(EXTRACTED ENTRIES begins)
(* Let $0<r<1$ and let $T\in C_{1,r}$ act on a Hilbert space $\mathcal H$. Then there exists a unique orthogonal decomposition $\mathcal H=\mathcal H_1\oplus\mathcal H_2$ into closed subspaces reducing $T$ such that (1) $T|_{\mathcal H_1}\in\mathcal C_{1,r}$ and (2) $T|_{\mathcal H_2}$ is a c.n.u. $C_{1,r}$-contraction. Moreover, $\mathcal H_1$ is the maximal closed subspace reducing $T$ restricted to which $T\in\mathcal C_{1,r}$, and $$\mathcal H_1=\bigcap_{k\in\mathbb N}\ \bigcap_{n,m\in(\mathbb N\cup\{0\})^k}\left\{x\in\mathcal H: (1+r^2)\|p_{k,nm}(T)x\|^2-\|Tp_{k,nm}(T)x\|^2-r^2\|T^{-*}p_{k,nm}(T)x\|^2=0\right\},$$ where $p_{k,nm}(T)=T^{n_1}T^{*m_1}\cdots T^{n_k}T^{*m_k}$ for $n=(n_1,\dots,n_k)$, $m=(m_1,\dots,m_k)\in(\mathbb N\cup\{0\})^k$.
   Context: $C_{1,r}=\{T: T\text{ invertible},\ \|T\|\le1,\ \|rT^{-1}\|\le1\}$. $\mathcal C_{1,r}$ is the class of operators $J$ on a Hilbert space $\mathcal L$ for which there exist orthogonal projections $P_0,P_1$ on $\mathcal L$ with $P_0+P_1=I_{\mathcal L}$ and $J^*J=P_0+r^2P_1$. An operator $T\in C_{1,r}$ on $\mathcal H$ is a c.n.u. $C_{1,r}$-contraction if $\mathcal H$ has no non-zero closed subspace that reduces $T$ to an operator in $\mathcal C_{1,r}$. $T^{-*}=(T^{-1})^*$. *)

theory Defs
  imports "HOL-Analysis.Analysis"
begin

text \<open>A complex Hilbert space, encoded as a real Hilbert space together with an
orthogonal complex structure cJ (multiplication by the imaginary unit):
(a + b i) x = a x + b (cJ x).  The complex inner product is recovered as
inner x y + i inner x (cJ y); norms coincide.\<close>

class complex_hilbert = real_inner + complete_space +
  fixes cJ :: "'a \<Rightarrow> 'a"
  assumes cJ_add: "cJ (x + y) = cJ x + cJ y"
    and cJ_scaleR: "cJ (c *\<^sub>R x) = c *\<^sub>R cJ x"
    and cJ_cJ: "cJ (cJ x) = - x"
    and cJ_inner: "inner (cJ x) (cJ y) = inner x y"

definition cblin :: "('a::complex_hilbert \<Rightarrow> 'a) \<Rightarrow> bool" where
  "cblin T \<longleftrightarrow> bounded_linear T \<and> (\<forall>x. T (cJ x) = cJ (T x))"

definition closed_csubspace :: "'a::complex_hilbert set \<Rightarrow> bool" where
  "closed_csubspace M \<longleftrightarrow> closed M \<and> subspace M \<and> (\<forall>x\<in>M. cJ x \<in> M)"

definition adj_on :: "'a::complex_hilbert set \<Rightarrow> ('a \<Rightarrow> 'a) \<Rightarrow> 'a \<Rightarrow> 'a" where
  "adj_on M T y = (SOME z. z \<in> M \<and> (\<forall>x\<in>M. inner (T x) y = inner x z))"

abbreviation adj :: "('a::complex_hilbert \<Rightarrow> 'a) \<Rightarrow> 'a \<Rightarrow> 'a" where
  "adj T \<equiv> adj_on UNIV T"

definition reduces_within :: "'a::complex_hilbert set \<Rightarrow> ('a \<Rightarrow> 'a) \<Rightarrow> 'a set \<Rightarrow> bool" where
  "reduces_within M T N \<longleftrightarrow> closed_csubspace N \<and> N \<subseteq> M \<and>
     (\<forall>x\<in>N. T x \<in> N) \<and> (\<forall>x\<in>N. adj_on M T x \<in> N)"

abbreviation reduces :: "('a::complex_hilbert \<Rightarrow> 'a) \<Rightarrow> 'a set \<Rightarrow> bool" where
  "reduces T N \<equiv> reduces_within UNIV T N"

definition orth_proj_on :: "'a::complex_hilbert set \<Rightarrow> ('a \<Rightarrow> 'a) \<Rightarrow> bool" where
  "orth_proj_on M P \<longleftrightarrow> cblin P \<and> (\<forall>x\<in>M. P x \<in> M) \<and> (\<forall>x\<in>M. P (P x) = P x) \<and>
     (\<forall>x\<in>M. \<forall>y\<in>M. inner (P x) y = inner x (P y))"

definition C1r_on :: "real \<Rightarrow> 'a::complex_hilbert set \<Rightarrow> ('a \<Rightarrow> 'a) \<Rightarrow> bool" where
  "C1r_on r M T \<longleftrightarrow> (\<forall>x\<in>M. T x \<in> M) \<and>
     (\<exists>S. (\<forall>x\<in>M. S x \<in> M \<and> S (T x) = x \<and> T (S x) = x) \<and>
          (\<forall>x\<in>M. norm (T x) \<le> norm x) \<and> (\<forall>x\<in>M. norm (r *\<^sub>R S x) \<le> norm x))"

definition CC1r_on :: "real \<Rightarrow> 'a::complex_hilbert set \<Rightarrow> ('a \<Rightarrow> 'a) \<Rightarrow> bool" where
  "CC1r_on r M T \<longleftrightarrow> (\<forall>x\<in>M. T x \<in> M) \<and>
     (\<exists>P0 P1. orth_proj_on M P0 \<and> orth_proj_on M P1 \<and> (\<forall>x\<in>M. P0 x + P1 x = x) \<and>
        (\<forall>x\<in>M. adj_on M T (T x) = P0 x + r\<^sup>2 *\<^sub>R P1 x))"

definition cnu_on :: "real \<Rightarrow> 'a::complex_hilbert set \<Rightarrow> ('a \<Rightarrow> 'a) \<Rightarrow> bool" where
  "cnu_on r M T \<longleftrightarrow> C1r_on r M T \<and>
     \<not> (\<exists>N. reduces_within M T N \<and> N \<noteq> {0} \<and> CC1r_on r N T)"

text \<open>p_{k,nm}(T) = T^{n_1} T^{*m_1} ... T^{n_k} T^{*m_k}, for lists ns, ms of length k.\<close>
definition pword :: "('a::complex_hilbert \<Rightarrow> 'a) \<Rightarrow> nat list \<Rightarrow> nat list \<Rightarrow> 'a \<Rightarrow> 'a" where
  "pword T ns ms = foldr (\<lambda>(n, m) acc. (T ^^ n) \<circ> (adj T ^^ m) \<circ> acc) (zip ns ms) id"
(EXTRACTED ENTRIES ends)
**TASK DESCRIPTION**
Copy the records above exactly as they appear.

**EXPECTED ANSWER**
(* Let $0<r<1$ and let $T\in C_{1,r}$ act on a Hilbert space $\mathcal H$. Then there exists a unique orthogonal decomposition $\mathcal H=\mathcal H_1\oplus\mathcal H_2$ into closed subspaces reducing $T$ such that (1) $T|_{\mathcal H_1}\in\mathcal C_{1,r}$ and (2) $T|_{\mathcal H_2}$ is a c.n.u. $C_{1,r}$-contraction. Moreover, $\mathcal H_1$ is the maximal closed subspace reducing $T$ restricted to which $T\in\mathcal C_{1,r}$, and $$\mathcal H_1=\bigcap_{k\in\mathbb N}\ \bigcap_{n,m\in(\mathbb N\cup\{0\})^k}\left\{x\in\mathcal H: (1+r^2)\|p_{k,nm}(T)x\|^2-\|Tp_{k,nm}(T)x\|^2-r^2\|T^{-*}p_{k,nm}(T)x\|^2=0\right\},$$ where $p_{k,nm}(T)=T^{n_1}T^{*m_1}\cdots T^{n_k}T^{*m_k}$ for $n=(n_1,\dots,n_k)$, $m=(m_1,\dots,m_k)\in(\mathbb N\cup\{0\})^k$.
   Context: $C_{1,r}=\{T: T\text{ invertible},\ \|T\|\le1,\ \|rT^{-1}\|\le1\}$. $\mathcal C_{1,r}$ is the class of operators $J$ on a Hilbert space $\mathcal L$ for which there exist orthogonal projections $P_0,P_1$ on $\mathcal L$ with $P_0+P_1=I_{\mathcal L}$ and $J^*J=P_0+r^2P_1$. An operator $T\in C_{1,r}$ on $\mathcal H$ is a c.n.u. $C_{1,r}$-contraction if $\mathcal H$ has no non-zero closed subspace that reduces $T$ to an operator in $\mathcal C_{1,r}$. $T^{-*}=(T^{-1})^*$. *)

theory Defs
  imports "HOL-Analysis.Analysis"
begin

text \<open>A complex Hilbert space, encoded as a real Hilbert space together with an
orthogonal complex structure cJ (multiplication by the imaginary unit):
(a + b i) x = a x + b (cJ x).  The complex inner product is recovered as
inner x y + i inner x (cJ y); norms coincide.\<close>

class complex_hilbert = real_inner + complete_space +
  fixes cJ :: "'a \<Rightarrow> 'a"
  assumes cJ_add: "cJ (x + y) = cJ x + cJ y"
    and cJ_scaleR: "cJ (c *\<^sub>R x) = c *\<^sub>R cJ x"
    and cJ_cJ: "cJ (cJ x) = - x"
    and cJ_inner: "inner (cJ x) (cJ y) = inner x y"

definition cblin :: "('a::complex_hilbert \<Rightarrow> 'a) \<Rightarrow> bool" where
  "cblin T \<longleftrightarrow> bounded_linear T \<and> (\<forall>x. T (cJ x) = cJ (T x))"

definition closed_csubspace :: "'a::complex_hilbert set \<Rightarrow> bool" where
  "closed_csubspace M \<longleftrightarrow> closed M \<and> subspace M \<and> (\<forall>x\<in>M. cJ x \<in> M)"

definition adj_on :: "'a::complex_hilbert set \<Rightarrow> ('a \<Rightarrow> 'a) \<Rightarrow> 'a \<Rightarrow> 'a" where
  "adj_on M T y = (SOME z. z \<in> M \<and> (\<forall>x\<in>M. inner (T x) y = inner x z))"

abbreviation adj :: "('a::complex_hilbert \<Rightarrow> 'a) \<Rightarrow> 'a \<Rightarrow> 'a" where
  "adj T \<equiv> adj_on UNIV T"

definition reduces_within :: "'a::complex_hilbert set \<Rightarrow> ('a \<Rightarrow> 'a) \<Rightarrow> 'a set \<Rightarrow> bool" where
  "reduces_within M T N \<longleftrightarrow> closed_csubspace N \<and> N \<subseteq> M \<and>
     (\<forall>x\<in>N. T x \<in> N) \<and> (\<forall>x\<in>N. adj_on M T x \<in> N)"

abbreviation reduces :: "('a::complex_hilbert \<Rightarrow> 'a) \<Rightarrow> 'a set \<Rightarrow> bool" where
  "reduces T N \<equiv> reduces_within UNIV T N"

definition orth_proj_on :: "'a::complex_hilbert set \<Rightarrow> ('a \<Rightarrow> 'a) \<Rightarrow> bool" where
  "orth_proj_on M P \<longleftrightarrow> cblin P \<and> (\<forall>x\<in>M. P x \<in> M) \<and> (\<forall>x\<in>M. P (P x) = P x) \<and>
     (\<forall>x\<in>M. \<forall>y\<in>M. inner (P x) y = inner x (P y))"

definition C1r_on :: "real \<Rightarrow> 'a::complex_hilbert set \<Rightarrow> ('a \<Rightarrow> 'a) \<Rightarrow> bool" where
  "C1r_on r M T \<longleftrightarrow> (\<forall>x\<in>M. T x \<in> M) \<and>
     (\<exists>S. (\<forall>x\<in>M. S x \<in> M \<and> S (T x) = x \<and> T (S x) = x) \<and>
          (\<forall>x\<in>M. norm (T x) \<le> norm x) \<and> (\<forall>x\<in>M. norm (r *\<^sub>R S x) \<le> norm x))"

definition CC1r_on :: "real \<Rightarrow> 'a::complex_hilbert set \<Rightarrow> ('a \<Rightarrow> 'a) \<Rightarrow> bool" where
  "CC1r_on r M T \<longleftrightarrow> (\<forall>x\<in>M. T x \<in> M) \<and>
     (\<exists>P0 P1. orth_proj_on M P0 \<and> orth_proj_on M P1 \<and> (\<forall>x\<in>M. P0 x + P1 x = x) \<and>
        (\<forall>x\<in>M. adj_on M T (T x) = P0 x + r\<^sup>2 *\<^sub>R P1 x))"

definition cnu_on :: "real \<Rightarrow> 'a::complex_hilbert set \<Rightarrow> ('a \<Rightarrow> 'a) \<Rightarrow> bool" where
  "cnu_on r M T \<longleftrightarrow> C1r_on r M T \<and>
     \<not> (\<exists>N. reduces_within M T N \<and> N \<noteq> {0} \<and> CC1r_on r N T)"

text \<open>p_{k,nm}(T) = T^{n_1} T^{*m_1} ... T^{n_k} T^{*m_k}, for lists ns, ms of length k.\<close>
definition pword :: "('a::complex_hilbert \<Rightarrow> 'a) \<Rightarrow> nat list \<Rightarrow> nat list \<Rightarrow> 'a \<Rightarrow> 'a" where
  "pword T ns ms = foldr (\<lambda>(n, m) acc. (T ^^ n) \<circ> (adj T ^^ m) \<circ> acc) (zip ns ms) id"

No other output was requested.